Black Tie White Noise, c'est un peu l'anti Songs For Drella de son pote Lou Reed sorti un peu plus tôt. C'est le festival sonique contre la nudité. Le clinquant contre la modestie. La volonté de David Bowie est ici clairement affichée, surtout après l'échec commercial de Tin Machine et ses types bien sapés qui font du bruit : se renouveler, laisser de côté les eighties qui lui ont réussi économiquement mais l'ont fatigué au plus haut point, tout en laissant quantité de fans sur le palier et les critiques déjà pas bien tendres encore plus dubitatives concernant ses différentes casquettes. David Bowie est-il toujours en avance, contemporain de son époque ou délicieusement suranné?

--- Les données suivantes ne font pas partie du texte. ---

text \<open>By equivariance (\<open>partial_coords_normalize\<close>), the linear part of \<open>\<psi>\<close> in \<open>(x, y)\<close> at
  \<open>(a, b, 0, 0)\<close> is \<open>[[p(ab), a\<^sup>5 q(ab)], [b\<^sup>5 r(ab), s(ab)]]\<close> for polynomials \<open>p, q, r, s\<close>; similarly for \<open>\<phi>\<close>.\<close>

definition "lin_xx t = partial_x (coord_x \<psi>) 1 t"
definition "lin_xy t = partial_y (coord_x \<psi>) 1 t"
definition "lin_yx t = partial_x (coord_y \<psi>) t 1"
definition "lin_yy t = partial_y (coord_y \<psi>) 1 t"
definition "inv_lin_xx t = partial_x (coord_x \<phi>) 1 t"
definition "inv_lin_xy t = partial_y (coord_x \<phi>) 1 t"
definition "inv_lin_yx t = partial_x (coord_y \<phi>) t 1"
definition "inv_lin_yy t = partial_y (coord_y \<phi>) 1 t"

lemma polyfun_lin: "polyfun lin_xx" "polyfun lin_xy" "polyfun lin_yx" "polyfun lin_yy"
    "polyfun inv_lin_xx" "polyfun inv_lin_xy" "polyfun inv_lin_yx" "polyfun inv_lin_yy"
  unfolding lin_xx_def[abs_def] lin_xy_def[abs_def] lin_yx_def[abs_def] lin_yy_def[abs_def]
    inv_lin_xx_def[abs_def] inv_lin_xy_def[abs_def] inv_lin_yx_def[abs_def] inv_lin_yy_def[abs_def]
  using polyfun_partial_xy[OF psi.poly4_coords(3) psi.coord_xy_zero_section(1)]
    polyfun_partial_xy[OF psi.poly4_coords(4) psi.coord_xy_zero_section(2)]
    polyfun_partial_xy[OF phi.poly4_coords(3) phi.coord_xy_zero_section(1)]
    polyfun_partial_xy[OF phi.poly4_coords(4) phi.coord_xy_zero_section(2)]
  by (simp_all only: polyfun_const polyfun_id)

lemma tendsto_psi_first_order:
  assumes "t \<noteq> 0"
  shows "((\<lambda>e. coord_a \<psi> (1, t, of_real e * x, of_real e * y)) \<longlongrightarrow> \<alpha>) (at (0::real))"
    "((\<lambda>e. coord_b \<psi> (1, t, of_real e * x, of_real e * y)) \<longlongrightarrow> \<beta> * t) (at (0::real))"
    "((\<lambda>e. coord_x \<psi> (1, t, of_real e * x, of_real e * y) / of_real e) \<longlongrightarrow> lin_xx t * x + lin_xy t * y) (at (0::real))"
    "((\<lambda>e. coord_y \<psi> (1, t, of_real e * x, of_real e * y) / of_real e) \<longlongrightarrow> t^5 * lin_yx t * x + lin_yy t * y) (at (0::real))"
proof -
  have "polyfun (\<lambda>z. coord_a \<psi> (1, t, z * x, z * y))" "polyfun (\<lambda>z. coord_b \<psi> (1, t, z * x, z * y))"
    by (intro polyfun_poly4_along_curve psi.poly4_coords polyfun_intros)+
  from this[THEN polyfun_tendsto_along_reals]
  show "((\<lambda>e. coord_a \<psi> (1, t, of_real e * x, of_real e * y)) \<longlongrightarrow> \<alpha>) (at (0::real))"
    and "((\<lambda>e. coord_b \<psi> (1, t, of_real e * x, of_real e * y)) \<longlongrightarrow> \<beta> * t) (at (0::real))"
    by (simp_all add: psi_zero_section coord_a_def coord_b_def)
  show "((\<lambda>e. coord_x \<psi> (1, t, of_real e * x, of_real e * y) / of_real e) \<longlongrightarrow> lin_xx t * x + lin_xy t * y) (at (0::real))"
    using tendsto_poly4_line[OF psi.poly4_coords(3) psi.coord_xy_zero_section(1), of 1 t x y]
    by (simp add: lin_xx_def lin_xy_def)
  have "partial_x (coord_y \<psi>) 1 t = t^5 * lin_yx t"
    using psi.partial_x_coord_y_normalize[OF assms, of 1] by (simp add: lin_yx_def)
  then show "((\<lambda>e. coord_y \<psi> (1, t, of_real e * x, of_real e * y) / of_real e) \<longlongrightarrow> t^5 * lin_yx t * x + lin_yy t * y) (at (0::real))"
    using tendsto_poly4_line[OF psi.poly4_coords(4) psi.coord_xy_zero_section(2), of 1 t x y]
    by (simp add: lin_yy_def)
qed

lemma inv_lin_eqs:
  fixes t x y :: complex
  assumes t: "t \<noteq> 0"
  defines "X1 \<equiv> lin_xx t * x + lin_xy t * y" and "Y1 \<equiv> t^5 * lin_yx t * x + lin_yy t * y"
  shows "x = inv_lin_xx (T_scale*t) * X1 + \<alpha>^5 * inv_lin_xy (T_scale*t) * Y1"
    and "y = (\<beta>*t)^5 * inv_lin_yx (T_scale*t) * X1 + inv_lin_yy (T_scale*t) * Y1"
proof -
  have chain: "((\<lambda>e. F (\<psi> (1, t, of_real e * x, of_real e * y)) / of_real e) \<longlongrightarrow>
      partial_x F \<alpha> (\<beta>*t) * X1 + partial_y F \<alpha> (\<beta>*t) * Y1) (at (0::real))"
    if "poly4 F" "\<And>a b. F (a,b,0,0) = 0" for F
    using tendsto_poly4_first_order[OF that tendsto_psi_first_order[OF t, of x y]]
    unfolding X1_def Y1_def by (simp only: pt_eq_coords[of \<psi>, symmetric])
  have phi_psi_xy: "coord_x \<phi> (\<psi> p) = fst (snd (snd p))" "coord_y \<phi> (\<psi> p) = snd (snd (snd p))" for p
    by (simp_all add: coord_x_def coord_y_def phi_psi)
  have "((\<lambda>e. of_real e * x / of_real e) \<longlongrightarrow>
      partial_x (coord_x \<phi>) \<alpha> (\<beta>*t) * X1 + partial_y (coord_x \<phi>) \<alpha> (\<beta>*t) * Y1) (at (0::real))"
    using chain[OF phi.poly4_coords(3) phi.coord_xy_zero_section(1)]
    by (simp only: phi_psi_xy fst_conv snd_conv)
  from tendsto_unique[OF _ tendsto_of_real_mult_div this]
  have x: "x = partial_x (coord_x \<phi>) \<alpha> (\<beta>*t) * X1 + partial_y (coord_x \<phi>) \<alpha> (\<beta>*t) * Y1" by simp
  have "((\<lambda>e. of_real e * y / of_real e) \<longlongrightarrow>
      partial_x (coord_y \<phi>) \<alpha> (\<beta>*t) * X1 + partial_y (coord_y \<phi>) \<alpha> (\<beta>*t) * Y1) (at (0::real))"
    using chain[OF phi.poly4_coords(4) phi.coord_xy_zero_section(2)]
    by (simp only: phi_psi_xy fst_conv snd_conv)
  from tendsto_unique[OF _ tendsto_of_real_mult_div this]
  have y: "y = partial_x (coord_y \<phi>) \<alpha> (\<beta>*t) * X1 + partial_y (coord_y \<phi>) \<alpha> (\<beta>*t) * Y1" by simp
  have ab: "\<alpha> * (\<beta> * t) = T_scale * t" using alpha_mult_beta by (simp add: mult.assoc[symmetric])
  have "\<beta> * t \<noteq> 0" using beta_nonzero t by simp
  note N = phi.partial_coords_normalize[OF alpha_nonzero, of "\<beta>*t", unfolded ab]
    phi.partial_x_coord_y_normalize[OF this, of \<alpha>, unfolded ab]
  show "x = inv_lin_xx (T_scale*t) * X1 + \<alpha>^5 * inv_lin_xy (T_scale*t) * Y1"
    using x by (simp only: N inv_lin_xx_def inv_lin_xy_def)
  show "y = (\<beta>*t)^5 * inv_lin_yx (T_scale*t) * X1 + inv_lin_yy (T_scale*t) * Y1"
    using y by (simp only: N inv_lin_yx_def inv_lin_yy_def)
qed

definition "lin_det t = lin_xx t * lin_yy t - t^5 * lin_xy t * lin_yx t"
definition "inv_lin_det t = inv_lin_xx t * inv_lin_yy t - t^5 * inv_lin_xy t * inv_lin_yx t"

lemma inv_lin_det_mult_lin_det:
  assumes "t \<noteq> 0" shows "inv_lin_det (T_scale*t) * lin_det t = 1"
proof -
  have e: "(\<alpha>^5 * inv_lin_xy (T_scale*t)) * ((\<beta>*t)^5 * inv_lin_yx (T_scale*t))
      = (T_scale*t)^5 * inv_lin_xy (T_scale*t) * inv_lin_yx (T_scale*t)"
    by (simp add: alpha_mult_beta[symmetric] power_mult_distrib mult_ac)
  have "(inv_lin_xx (T_scale*t) * inv_lin_yy (T_scale*t)
        - (\<alpha>^5 * inv_lin_xy (T_scale*t)) * ((\<beta>*t)^5 * inv_lin_yx (T_scale*t)))
      * (lin_xx t * lin_yy t - lin_xy t * (t^5 * lin_yx t)) = 1"
    using inv_lin_eqs[OF assms, of 1 0] inv_lin_eqs[OF assms, of 0 1]
    by (intro det2_mult_eq_1) (simp_all add: algebra_simps)
  then show ?thesis
    unfolding lin_det_def inv_lin_det_def e by (simp add: mult_ac)
qed

lemma polyfun_lin_det: "polyfun lin_det" "polyfun inv_lin_det"
  unfolding lin_det_def[abs_def] inv_lin_det_def[abs_def]
  by (intro polyfun_intros polyfun_lin)+

text \<open>\<open>lin_det\<close> has a polynomial inverse, so it has no zeros and is constant by the fundamental
  theorem of algebra.\<close>

lemma lin_det_constant: "lin_det t = lin_det 0" and lin_det_nonzero: "lin_det 0 \<noteq> 0"
proof -
  have "polyfun (\<lambda>t. inv_lin_det (T_scale*t) * lin_det t)"
    by (intro polyfun_mult polyfun_compose[OF polyfun_lin_det(2)] polyfun_intros polyfun_lin_det(1))
  then have "inv_lin_det (T_scale*z) * lin_det z = 1" for z
    by (rule polyfun_eq_if_eq_on_nonzero_reals[OF _ polyfun_const]) (simp add: inv_lin_det_mult_lin_det)
  then have nz: "lin_det z \<noteq> 0" for z by (metis mult_zero_right zero_neq_one)
  then show "lin_det t = lin_det 0" by (rule polyfun_constant_if_nonvanishing[OF polyfun_lin_det(1)])
  show "lin_det 0 \<noteq> 0" by (rule nz)
qed

lemma mu_lin_real_line:
  fixes \<sigma> e :: real
  defines "t \<equiv> complex_of_real \<sigma>"
  defines "H \<equiv> complex_of_real c0 + complex_of_real c1 * t"
  shows "mu_lin c0 c1 (1, t, of_real e * x, of_real e * y) =
    (t, 1, of_real e * ((1 - t * H^2) * cnj y + t^5 * H^5 * cnj x),
           of_real e * (- (H^5) * cnj y + geom5 (t * H^2) * cnj x))"
proof -
  have "cnj t = t" by (simp add: t_def)
  then show ?thesis unfolding mu_lin_eq Let_def by (simp add: H_def algebra_simps)
qed

text \<open>The first-order parts of both sides of \<open>\<mu>\<^sub>h\<^sub>' \<circ> \<psi> = \<psi> \<circ> \<mu>\<^sub>h\<close> along the curve
  \<open>e \<mapsto> (1, t, e x, e y)\<close> with real \<open>t\<close>; note that \<open>\<mu>\<^sub>h\<close> maps this curve to \<open>(t, 1, \<dots>)\<close>.\<close>

lemma lin_conj_eqs:
  fixes \<sigma> :: real and x y :: complex
  assumes "\<sigma> \<noteq> 0"
  defines "t \<equiv> complex_of_real \<sigma>"
  defines "H \<equiv> complex_of_real c0 + complex_of_real c1 * t"
  defines "g \<equiv> complex_of_real d0 + complex_of_real d1 * (T_scale * t)"
  defines "m1 \<equiv> (1 - t * H^2) * cnj y + t^5 * H^5 * cnj x"
  defines "m2 \<equiv> - (H^5) * cnj y + geom5 (t * H^2) * cnj x"
  defines "X1 \<equiv> lin_xx t * x + lin_xy t * y"
  defines "Y1 \<equiv> t^5 * lin_yx t * x + lin_yy t * y"
  shows "lin_xx t * m1 + t^5 * lin_xy t * m2 = (1 - T_scale * t * g^2) * cnj Y1 + \<alpha>^5 * t^5 * g^5 * cnj X1"
    and "lin_yx t * m1 + lin_yy t * m2 = - (cnj \<alpha> ^ 5 * g^5) * cnj Y1 + geom5 (T_scale * t * g^2) * cnj X1"
proof -
  have t0: "t \<noteq> 0" and ct: "cnj t = t" using assms(1) by (simp_all add: t_def)
  define pe where "pe e = ((1::complex), t, complex_of_real e * x, complex_of_real e * y)" for e :: real
  have mc: "mu_lin c0 c1 (pe e) = (t, 1, of_real e * m1, of_real e * m2)" for e
    unfolding pe_def m1_def m2_def H_def t_def by (rule mu_lin_real_line)
  have conj_pe: "coord_x \<psi> (mu_lin c0 c1 (pe e)) = fst (snd (snd (mu_lin d0 d1
        (coord_a \<psi> (pe e), coord_b \<psi> (pe e), coord_x \<psi> (pe e), coord_y \<psi> (pe e)))))"
      "coord_y \<psi> (mu_lin c0 c1 (pe e)) = snd (snd (snd (mu_lin d0 d1
        (coord_a \<psi> (pe e), coord_b \<psi> (pe e), coord_x \<psi> (pe e), coord_y \<psi> (pe e)))))" for e
    unfolding pt_eq_coords[of \<psi> "pe e", symmetric] conjugates by (simp_all add: coord_x_def coord_y_def)
  note N = psi.partial_coords_normalize[OF t0, of 1, simplified]
  have LX: "((\<lambda>e. coord_x \<psi> (mu_lin c0 c1 (pe e)) / of_real e) \<longlongrightarrow> lin_xx t * m1 + t^5 * lin_xy t * m2) (at (0::real))"
    using tendsto_poly4_line[OF psi.poly4_coords(3) psi.coord_xy_zero_section(1), of t 1 m1 m2]
    unfolding mc N by (simp add: lin_xx_def lin_xy_def mult.assoc)
  have LY: "((\<lambda>e. coord_y \<psi> (mu_lin c0 c1 (pe e)) / of_real e) \<longlongrightarrow> lin_yx t * m1 + lin_yy t * m2) (at (0::real))"
    using tendsto_poly4_line[OF psi.poly4_coords(4) psi.coord_xy_zero_section(2), of t 1 m1 m2]
    unfolding mc N by (simp add: lin_yx_def lin_yy_def)
  have T: "cnj (\<beta> * t) * cnj \<alpha> = T_scale * t" and cb: "cnj (\<beta> * t) ^ 5 = \<alpha>^5 * t^5"
    using alpha_eq_cnj_beta ct by (simp_all add: T_scale_def mult_ac power_mult_distrib)
  note R = tendsto_mu_lin_first_order[OF tendsto_psi_first_order[OF t0, of x y], of d0 d1,
      folded pe_def X1_def Y1_def, unfolded T, folded g_def conj_pe]
  show "lin_xx t * m1 + t^5 * lin_xy t * m2 = (1 - T_scale * t * g^2) * cnj Y1 + \<alpha>^5 * t^5 * g^5 * cnj X1"
    using tendsto_unique[OF _ LX R(1)[unfolded cb]] by (simp add: mult_ac)
  show "lin_yx t * m1 + lin_yy t * m2 = - (cnj \<alpha> ^ 5 * g^5) * cnj Y1 + geom5 (T_scale * t * g^2) * cnj X1"
    using tendsto_unique[OF _ LY R(2)] by (simp add: mult_ac)
qed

Black Tie White Noise a tout de l'album déplaisant et fourre-tout, tellement en avance sur tout le monde d'un point de vue strictement musical, très différent des courants phares du moment (le rock indé, la britpop, le grunge, le garage en chemise à carreaux) qu'il est forcément déplaisant, à contre-courant. Nouveau mari confortablement installé dans ses souliers, celui qui donna ses lettres de noblesse au Art Rock est aujourd'hui presque obligé de remplir jusqu'à ras bord ses disques de sons, de bruits, de boucan clinquant pour exister, avec en filigrane cette petite pointe de soul mielleuse car, quand même, quel séducteur ce David!
Sont conviés pêle-mêle de genres musicaux, de l'oriental en passant par l'électronique ou le jazz, l'industriel et le rock, Black Tie White Noise est aussi bien la digestion de la courte oeuvre de Tin Machine qu'une avancée tranquille vers le Bowie que l'on connaîtra un peu plus dans les années 90 et 2000 jusqu'à la mise en scène de la mort de ses avatars sur son disque testament. Et si l'ensemble paraît aujourd'hui forcément daté, il n'en demeure pas moins bien plus abouti que son amusant prédécesseur tout en étant au moins aussi dansant : le très réussi Jump They Say et surtout Nite Flights, le morceau de choix de l'album et un des plus beaux titres de Bowie, méritent l'écoute de cet ensemble pas commun.